# WHAT THE EXERCISE ASKS:
Using the data that follows, return exactly the lines from the one that contains "using pair_PiM_coordinate_mem[OF that[unfolded" through the one that contains "k N) \<longlonglongrightarrow>", ends included.

# RECORDS FOR THE EXERCISE:
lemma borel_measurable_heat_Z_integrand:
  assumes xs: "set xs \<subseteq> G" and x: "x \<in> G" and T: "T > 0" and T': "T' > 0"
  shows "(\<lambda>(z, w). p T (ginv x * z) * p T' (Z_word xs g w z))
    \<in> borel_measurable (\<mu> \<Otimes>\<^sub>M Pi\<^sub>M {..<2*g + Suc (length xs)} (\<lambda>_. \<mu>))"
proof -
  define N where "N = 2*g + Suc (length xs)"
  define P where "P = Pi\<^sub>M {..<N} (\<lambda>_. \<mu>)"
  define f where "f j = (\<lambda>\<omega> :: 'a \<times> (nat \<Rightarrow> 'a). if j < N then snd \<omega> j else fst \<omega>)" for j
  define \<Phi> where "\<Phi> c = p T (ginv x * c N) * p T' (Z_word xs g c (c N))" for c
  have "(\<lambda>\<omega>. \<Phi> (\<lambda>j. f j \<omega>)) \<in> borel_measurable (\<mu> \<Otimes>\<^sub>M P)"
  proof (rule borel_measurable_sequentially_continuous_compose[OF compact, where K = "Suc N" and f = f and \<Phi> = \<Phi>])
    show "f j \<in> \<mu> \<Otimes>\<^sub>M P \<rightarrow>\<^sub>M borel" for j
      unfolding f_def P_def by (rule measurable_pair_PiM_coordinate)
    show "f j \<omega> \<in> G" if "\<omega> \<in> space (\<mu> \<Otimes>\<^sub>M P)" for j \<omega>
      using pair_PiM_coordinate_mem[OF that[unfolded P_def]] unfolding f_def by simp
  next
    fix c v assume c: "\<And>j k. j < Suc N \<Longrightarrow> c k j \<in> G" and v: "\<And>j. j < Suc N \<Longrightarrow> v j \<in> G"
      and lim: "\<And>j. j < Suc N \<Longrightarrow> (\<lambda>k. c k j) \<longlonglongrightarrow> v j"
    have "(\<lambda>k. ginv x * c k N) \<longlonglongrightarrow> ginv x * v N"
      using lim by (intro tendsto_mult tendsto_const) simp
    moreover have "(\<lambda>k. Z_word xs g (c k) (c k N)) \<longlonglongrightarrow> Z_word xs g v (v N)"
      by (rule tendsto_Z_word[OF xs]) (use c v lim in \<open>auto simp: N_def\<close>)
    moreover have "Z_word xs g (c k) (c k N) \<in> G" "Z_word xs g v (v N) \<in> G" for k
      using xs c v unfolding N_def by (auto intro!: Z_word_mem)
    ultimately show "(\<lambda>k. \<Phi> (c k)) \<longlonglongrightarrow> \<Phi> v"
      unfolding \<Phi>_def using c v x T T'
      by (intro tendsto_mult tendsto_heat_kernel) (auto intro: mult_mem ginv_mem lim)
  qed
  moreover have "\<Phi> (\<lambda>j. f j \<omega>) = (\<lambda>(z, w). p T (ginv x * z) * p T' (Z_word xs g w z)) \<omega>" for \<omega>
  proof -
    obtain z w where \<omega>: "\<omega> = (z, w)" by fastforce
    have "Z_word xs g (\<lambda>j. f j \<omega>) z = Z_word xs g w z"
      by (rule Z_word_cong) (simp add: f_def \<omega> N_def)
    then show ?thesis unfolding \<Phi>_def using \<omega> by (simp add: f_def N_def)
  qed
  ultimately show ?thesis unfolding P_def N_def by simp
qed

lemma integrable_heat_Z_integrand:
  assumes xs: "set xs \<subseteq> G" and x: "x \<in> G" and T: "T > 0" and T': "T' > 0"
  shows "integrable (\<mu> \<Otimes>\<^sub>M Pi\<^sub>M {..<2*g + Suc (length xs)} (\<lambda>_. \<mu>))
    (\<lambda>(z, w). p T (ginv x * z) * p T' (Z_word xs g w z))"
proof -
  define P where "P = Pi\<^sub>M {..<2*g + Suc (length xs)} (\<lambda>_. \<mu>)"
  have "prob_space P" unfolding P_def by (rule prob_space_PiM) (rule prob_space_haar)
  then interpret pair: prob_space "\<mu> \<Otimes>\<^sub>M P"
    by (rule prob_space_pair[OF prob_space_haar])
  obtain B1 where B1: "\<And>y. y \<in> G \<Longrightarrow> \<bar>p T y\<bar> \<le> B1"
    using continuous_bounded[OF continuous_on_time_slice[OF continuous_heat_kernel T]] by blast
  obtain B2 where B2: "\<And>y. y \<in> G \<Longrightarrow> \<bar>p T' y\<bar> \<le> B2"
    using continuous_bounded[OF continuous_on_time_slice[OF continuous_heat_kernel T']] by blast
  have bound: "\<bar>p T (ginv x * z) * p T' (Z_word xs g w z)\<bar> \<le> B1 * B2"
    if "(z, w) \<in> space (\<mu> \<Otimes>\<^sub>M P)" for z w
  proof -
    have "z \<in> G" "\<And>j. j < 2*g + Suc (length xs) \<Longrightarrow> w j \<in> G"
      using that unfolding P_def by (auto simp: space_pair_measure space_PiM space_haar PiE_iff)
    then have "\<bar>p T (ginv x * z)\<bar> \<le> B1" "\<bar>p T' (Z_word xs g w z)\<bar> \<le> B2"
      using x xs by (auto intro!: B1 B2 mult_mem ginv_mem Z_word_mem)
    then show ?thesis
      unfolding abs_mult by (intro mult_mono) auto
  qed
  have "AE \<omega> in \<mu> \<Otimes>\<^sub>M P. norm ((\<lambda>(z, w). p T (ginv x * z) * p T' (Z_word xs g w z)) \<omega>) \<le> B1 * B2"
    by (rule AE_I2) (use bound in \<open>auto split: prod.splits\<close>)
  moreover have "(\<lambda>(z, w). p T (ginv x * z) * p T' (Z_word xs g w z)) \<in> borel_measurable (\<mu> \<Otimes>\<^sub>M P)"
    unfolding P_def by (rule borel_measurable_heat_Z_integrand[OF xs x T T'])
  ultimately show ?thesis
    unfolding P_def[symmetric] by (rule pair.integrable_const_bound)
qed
* * *
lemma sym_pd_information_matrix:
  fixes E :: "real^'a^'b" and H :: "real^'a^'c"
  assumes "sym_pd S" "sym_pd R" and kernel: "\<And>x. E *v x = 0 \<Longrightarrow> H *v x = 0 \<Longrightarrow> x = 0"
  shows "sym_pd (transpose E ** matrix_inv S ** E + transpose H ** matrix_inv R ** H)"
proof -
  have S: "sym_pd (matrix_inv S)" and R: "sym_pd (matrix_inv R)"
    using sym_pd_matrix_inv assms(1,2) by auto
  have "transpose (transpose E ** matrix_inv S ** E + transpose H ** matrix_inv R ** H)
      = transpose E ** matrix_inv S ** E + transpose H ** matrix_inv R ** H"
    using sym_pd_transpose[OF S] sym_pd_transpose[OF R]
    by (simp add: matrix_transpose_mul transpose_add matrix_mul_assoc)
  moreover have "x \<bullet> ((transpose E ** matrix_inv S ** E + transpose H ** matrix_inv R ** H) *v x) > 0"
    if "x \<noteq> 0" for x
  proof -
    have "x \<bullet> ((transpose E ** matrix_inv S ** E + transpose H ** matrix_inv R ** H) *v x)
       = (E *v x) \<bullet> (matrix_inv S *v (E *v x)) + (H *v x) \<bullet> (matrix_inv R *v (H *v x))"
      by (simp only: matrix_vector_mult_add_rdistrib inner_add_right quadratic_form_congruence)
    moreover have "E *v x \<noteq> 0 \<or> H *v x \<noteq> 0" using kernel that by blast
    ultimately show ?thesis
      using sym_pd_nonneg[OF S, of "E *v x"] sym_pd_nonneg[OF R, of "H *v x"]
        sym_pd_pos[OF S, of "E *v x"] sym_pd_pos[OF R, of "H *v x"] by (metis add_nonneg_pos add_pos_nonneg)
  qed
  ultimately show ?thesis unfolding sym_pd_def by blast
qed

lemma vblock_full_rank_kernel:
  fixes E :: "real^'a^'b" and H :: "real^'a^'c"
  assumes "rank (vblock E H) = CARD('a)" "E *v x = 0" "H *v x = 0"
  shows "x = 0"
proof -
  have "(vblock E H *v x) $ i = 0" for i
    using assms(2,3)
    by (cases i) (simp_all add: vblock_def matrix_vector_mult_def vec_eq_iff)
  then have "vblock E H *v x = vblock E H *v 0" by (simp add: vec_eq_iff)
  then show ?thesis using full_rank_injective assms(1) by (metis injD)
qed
* * *
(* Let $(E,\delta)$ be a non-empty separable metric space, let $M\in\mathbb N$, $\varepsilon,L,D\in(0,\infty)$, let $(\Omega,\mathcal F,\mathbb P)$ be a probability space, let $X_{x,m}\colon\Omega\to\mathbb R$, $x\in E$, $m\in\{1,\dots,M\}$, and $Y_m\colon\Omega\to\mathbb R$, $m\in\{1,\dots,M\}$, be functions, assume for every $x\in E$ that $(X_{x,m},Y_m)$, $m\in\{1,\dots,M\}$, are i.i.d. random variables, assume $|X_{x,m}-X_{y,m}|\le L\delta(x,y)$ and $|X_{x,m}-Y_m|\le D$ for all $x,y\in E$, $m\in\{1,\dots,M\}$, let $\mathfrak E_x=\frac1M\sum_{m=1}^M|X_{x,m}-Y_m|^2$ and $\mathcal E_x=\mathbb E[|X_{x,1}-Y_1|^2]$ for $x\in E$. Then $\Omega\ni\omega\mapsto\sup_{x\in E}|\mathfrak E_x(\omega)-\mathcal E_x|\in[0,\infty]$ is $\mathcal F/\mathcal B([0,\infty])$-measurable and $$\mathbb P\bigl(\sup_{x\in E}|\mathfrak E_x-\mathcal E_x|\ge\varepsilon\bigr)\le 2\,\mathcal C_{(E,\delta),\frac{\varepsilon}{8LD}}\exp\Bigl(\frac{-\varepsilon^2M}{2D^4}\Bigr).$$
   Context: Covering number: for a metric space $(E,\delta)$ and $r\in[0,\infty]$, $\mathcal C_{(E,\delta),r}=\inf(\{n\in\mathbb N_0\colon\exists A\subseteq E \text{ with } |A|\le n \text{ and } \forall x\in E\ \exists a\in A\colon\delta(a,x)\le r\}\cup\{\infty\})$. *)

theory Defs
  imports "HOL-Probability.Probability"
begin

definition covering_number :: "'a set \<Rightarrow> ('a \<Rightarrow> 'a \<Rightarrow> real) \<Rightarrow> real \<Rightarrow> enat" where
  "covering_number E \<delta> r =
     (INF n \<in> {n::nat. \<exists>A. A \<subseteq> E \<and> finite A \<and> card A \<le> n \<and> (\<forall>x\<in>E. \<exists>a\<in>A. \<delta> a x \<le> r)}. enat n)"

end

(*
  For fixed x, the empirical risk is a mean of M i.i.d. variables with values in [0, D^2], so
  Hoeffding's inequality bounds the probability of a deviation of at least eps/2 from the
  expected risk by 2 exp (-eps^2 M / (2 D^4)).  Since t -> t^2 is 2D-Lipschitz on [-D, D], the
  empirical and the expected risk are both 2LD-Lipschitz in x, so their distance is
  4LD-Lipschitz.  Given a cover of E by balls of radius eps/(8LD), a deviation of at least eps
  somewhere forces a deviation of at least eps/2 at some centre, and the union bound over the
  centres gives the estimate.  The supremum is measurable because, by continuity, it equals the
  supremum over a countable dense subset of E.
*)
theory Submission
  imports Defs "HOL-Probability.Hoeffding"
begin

# YOUR SOLUTION:
      using pair_PiM_coordinate_mem[OF that[unfolded P_def]] unfolding f_def by simp
  next
    fix c v assume c: "\<And>j k. j < Suc N \<Longrightarrow> c k j \<in> G" and v: "\<And>j. j < Suc N \<Longrightarrow> v j \<in> G"
      and lim: "\<And>j. j < Suc N \<Longrightarrow> (\<lambda>k. c k j) \<longlonglongrightarrow> v j"
    have "(\<lambda>k. ginv x * c k N) \<longlonglongrightarrow> ginv x * v N"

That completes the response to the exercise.